» **PROBLEM TO SOLVE**
Each line from the one containing "X Z \<longleftrightarrow>" through the last line of the records below is to be set down exactly; the rest stays out.

::::

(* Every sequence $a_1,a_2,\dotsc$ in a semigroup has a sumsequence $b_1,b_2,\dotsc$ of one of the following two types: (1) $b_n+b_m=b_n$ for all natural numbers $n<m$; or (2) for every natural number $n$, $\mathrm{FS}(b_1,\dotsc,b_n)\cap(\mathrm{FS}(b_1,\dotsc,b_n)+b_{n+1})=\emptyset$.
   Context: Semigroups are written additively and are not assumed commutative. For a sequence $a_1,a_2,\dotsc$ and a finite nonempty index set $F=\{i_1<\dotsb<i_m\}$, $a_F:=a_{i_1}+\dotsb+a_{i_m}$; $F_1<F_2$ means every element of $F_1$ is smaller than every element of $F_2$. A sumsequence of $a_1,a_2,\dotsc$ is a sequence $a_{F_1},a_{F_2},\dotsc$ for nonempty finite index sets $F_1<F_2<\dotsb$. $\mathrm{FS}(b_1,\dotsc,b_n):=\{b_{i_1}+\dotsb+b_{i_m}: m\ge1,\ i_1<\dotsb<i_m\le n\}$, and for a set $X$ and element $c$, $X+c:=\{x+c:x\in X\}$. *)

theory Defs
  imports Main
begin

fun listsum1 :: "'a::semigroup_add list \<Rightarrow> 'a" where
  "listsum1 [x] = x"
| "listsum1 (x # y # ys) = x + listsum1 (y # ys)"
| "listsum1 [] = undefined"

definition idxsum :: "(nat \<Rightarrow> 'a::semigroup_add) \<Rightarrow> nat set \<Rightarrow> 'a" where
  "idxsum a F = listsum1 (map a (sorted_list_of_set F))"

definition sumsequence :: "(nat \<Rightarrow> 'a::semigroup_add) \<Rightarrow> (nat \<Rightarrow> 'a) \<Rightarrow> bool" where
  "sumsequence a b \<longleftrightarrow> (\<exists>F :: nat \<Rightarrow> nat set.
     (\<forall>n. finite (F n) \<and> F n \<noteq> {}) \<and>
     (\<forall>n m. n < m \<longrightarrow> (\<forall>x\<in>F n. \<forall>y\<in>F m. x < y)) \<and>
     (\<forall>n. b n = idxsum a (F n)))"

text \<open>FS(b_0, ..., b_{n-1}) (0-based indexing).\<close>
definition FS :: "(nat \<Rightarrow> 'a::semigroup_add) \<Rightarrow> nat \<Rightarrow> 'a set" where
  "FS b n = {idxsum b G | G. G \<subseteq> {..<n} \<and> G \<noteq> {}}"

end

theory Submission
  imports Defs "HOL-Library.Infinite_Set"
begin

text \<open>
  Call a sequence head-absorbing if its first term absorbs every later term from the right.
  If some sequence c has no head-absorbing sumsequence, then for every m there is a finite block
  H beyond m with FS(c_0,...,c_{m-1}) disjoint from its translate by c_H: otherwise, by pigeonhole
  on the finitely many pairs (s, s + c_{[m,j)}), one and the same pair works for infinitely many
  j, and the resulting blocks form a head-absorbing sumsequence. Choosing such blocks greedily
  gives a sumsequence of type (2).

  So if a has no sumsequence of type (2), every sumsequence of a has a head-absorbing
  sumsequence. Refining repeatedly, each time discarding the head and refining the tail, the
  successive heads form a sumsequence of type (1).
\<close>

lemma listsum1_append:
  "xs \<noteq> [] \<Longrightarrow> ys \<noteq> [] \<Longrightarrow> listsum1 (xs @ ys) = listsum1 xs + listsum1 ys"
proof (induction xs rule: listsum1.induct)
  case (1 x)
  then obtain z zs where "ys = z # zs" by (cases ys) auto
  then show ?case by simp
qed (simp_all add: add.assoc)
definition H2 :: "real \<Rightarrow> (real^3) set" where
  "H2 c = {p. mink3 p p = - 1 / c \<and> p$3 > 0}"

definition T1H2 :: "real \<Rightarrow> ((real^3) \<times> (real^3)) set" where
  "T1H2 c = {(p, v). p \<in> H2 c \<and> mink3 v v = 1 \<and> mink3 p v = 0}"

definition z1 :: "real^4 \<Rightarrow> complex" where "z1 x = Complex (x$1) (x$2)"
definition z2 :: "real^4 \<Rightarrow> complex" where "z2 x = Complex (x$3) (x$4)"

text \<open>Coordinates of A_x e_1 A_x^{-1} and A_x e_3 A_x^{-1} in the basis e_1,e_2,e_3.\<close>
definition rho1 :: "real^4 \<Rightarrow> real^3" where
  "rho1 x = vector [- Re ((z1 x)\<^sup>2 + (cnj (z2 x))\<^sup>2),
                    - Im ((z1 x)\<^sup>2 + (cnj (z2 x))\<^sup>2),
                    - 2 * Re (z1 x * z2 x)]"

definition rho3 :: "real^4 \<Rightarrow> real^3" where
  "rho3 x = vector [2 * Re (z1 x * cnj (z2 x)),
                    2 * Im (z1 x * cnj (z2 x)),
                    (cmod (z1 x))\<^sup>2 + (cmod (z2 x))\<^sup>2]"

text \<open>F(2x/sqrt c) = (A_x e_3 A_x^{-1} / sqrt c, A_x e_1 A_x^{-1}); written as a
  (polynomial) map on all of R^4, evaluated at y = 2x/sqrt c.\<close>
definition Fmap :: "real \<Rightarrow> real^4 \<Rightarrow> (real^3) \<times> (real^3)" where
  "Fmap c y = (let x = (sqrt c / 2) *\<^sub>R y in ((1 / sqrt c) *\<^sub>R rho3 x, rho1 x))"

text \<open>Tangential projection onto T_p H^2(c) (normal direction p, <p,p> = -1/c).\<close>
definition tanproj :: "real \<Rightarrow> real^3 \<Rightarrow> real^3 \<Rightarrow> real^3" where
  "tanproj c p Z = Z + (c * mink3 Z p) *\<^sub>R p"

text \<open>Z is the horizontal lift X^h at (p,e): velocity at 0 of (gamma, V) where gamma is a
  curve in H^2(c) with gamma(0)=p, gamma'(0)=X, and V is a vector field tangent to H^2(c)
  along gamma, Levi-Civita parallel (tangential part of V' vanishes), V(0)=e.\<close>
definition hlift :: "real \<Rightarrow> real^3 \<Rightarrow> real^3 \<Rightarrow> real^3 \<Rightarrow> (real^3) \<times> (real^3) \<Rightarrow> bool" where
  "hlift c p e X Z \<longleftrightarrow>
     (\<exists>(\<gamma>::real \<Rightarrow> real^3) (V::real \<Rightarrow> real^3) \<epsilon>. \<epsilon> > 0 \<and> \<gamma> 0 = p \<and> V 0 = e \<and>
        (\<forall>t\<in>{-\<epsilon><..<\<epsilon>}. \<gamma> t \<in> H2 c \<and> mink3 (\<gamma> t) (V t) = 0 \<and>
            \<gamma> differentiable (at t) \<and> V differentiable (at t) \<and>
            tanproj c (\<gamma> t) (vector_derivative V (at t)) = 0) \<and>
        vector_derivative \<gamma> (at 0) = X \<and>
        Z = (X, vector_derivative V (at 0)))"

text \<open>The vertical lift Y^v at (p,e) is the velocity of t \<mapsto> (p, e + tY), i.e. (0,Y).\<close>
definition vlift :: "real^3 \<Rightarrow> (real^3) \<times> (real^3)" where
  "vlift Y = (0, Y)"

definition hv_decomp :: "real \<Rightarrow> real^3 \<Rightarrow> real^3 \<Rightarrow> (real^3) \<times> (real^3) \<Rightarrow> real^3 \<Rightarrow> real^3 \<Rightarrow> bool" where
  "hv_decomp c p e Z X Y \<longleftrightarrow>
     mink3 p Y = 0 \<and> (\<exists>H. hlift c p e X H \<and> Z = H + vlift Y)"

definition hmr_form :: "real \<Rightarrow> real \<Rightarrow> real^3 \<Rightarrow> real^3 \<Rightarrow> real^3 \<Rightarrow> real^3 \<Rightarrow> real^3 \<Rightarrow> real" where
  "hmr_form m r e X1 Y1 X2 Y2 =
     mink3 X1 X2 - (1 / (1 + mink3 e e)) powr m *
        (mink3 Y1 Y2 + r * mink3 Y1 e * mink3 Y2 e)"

::::

» **EXPECTED ANSWER**
  "hlift c p e X Z \<longleftrightarrow>
     (\<exists>(\<gamma>::real \<Rightarrow> real^3) (V::real \<Rightarrow> real^3) \<epsilon>. \<epsilon> > 0 \<and> \<gamma> 0 = p \<and> V 0 = e \<and>
        (\<forall>t\<in>{-\<epsilon><..<\<epsilon>}. \<gamma> t \<in> H2 c \<and> mink3 (\<gamma> t) (V t) = 0 \<and>
            \<gamma> differentiable (at t) \<and> V differentiable (at t) \<and>
            tanproj c (\<gamma> t) (vector_derivative V (at t)) = 0) \<and>
        vector_derivative \<gamma> (at 0) = X \<and>
        Z = (X, vector_derivative V (at 0)))"

text \<open>The vertical lift Y^v at (p,e) is the velocity of t \<mapsto> (p, e + tY), i.e. (0,Y).\<close>
definition vlift :: "real^3 \<Rightarrow> (real^3) \<times> (real^3)" where
  "vlift Y = (0, Y)"

definition hv_decomp :: "real \<Rightarrow> real^3 \<Rightarrow> real^3 \<Rightarrow> (real^3) \<times> (real^3) \<Rightarrow> real^3 \<Rightarrow> real^3 \<Rightarrow> bool" where
  "hv_decomp c p e Z X Y \<longleftrightarrow>
     mink3 p Y = 0 \<and> (\<exists>H. hlift c p e X H \<and> Z = H + vlift Y)"

definition hmr_form :: "real \<Rightarrow> real \<Rightarrow> real^3 \<Rightarrow> real^3 \<Rightarrow> real^3 \<Rightarrow> real^3 \<Rightarrow> real^3 \<Rightarrow> real" where
  "hmr_form m r e X1 Y1 X2 Y2 =
     mink3 X1 X2 - (1 / (1 + mink3 e e)) powr m *
        (mink3 Y1 Y2 + r * mink3 Y1 e * mink3 Y2 e)"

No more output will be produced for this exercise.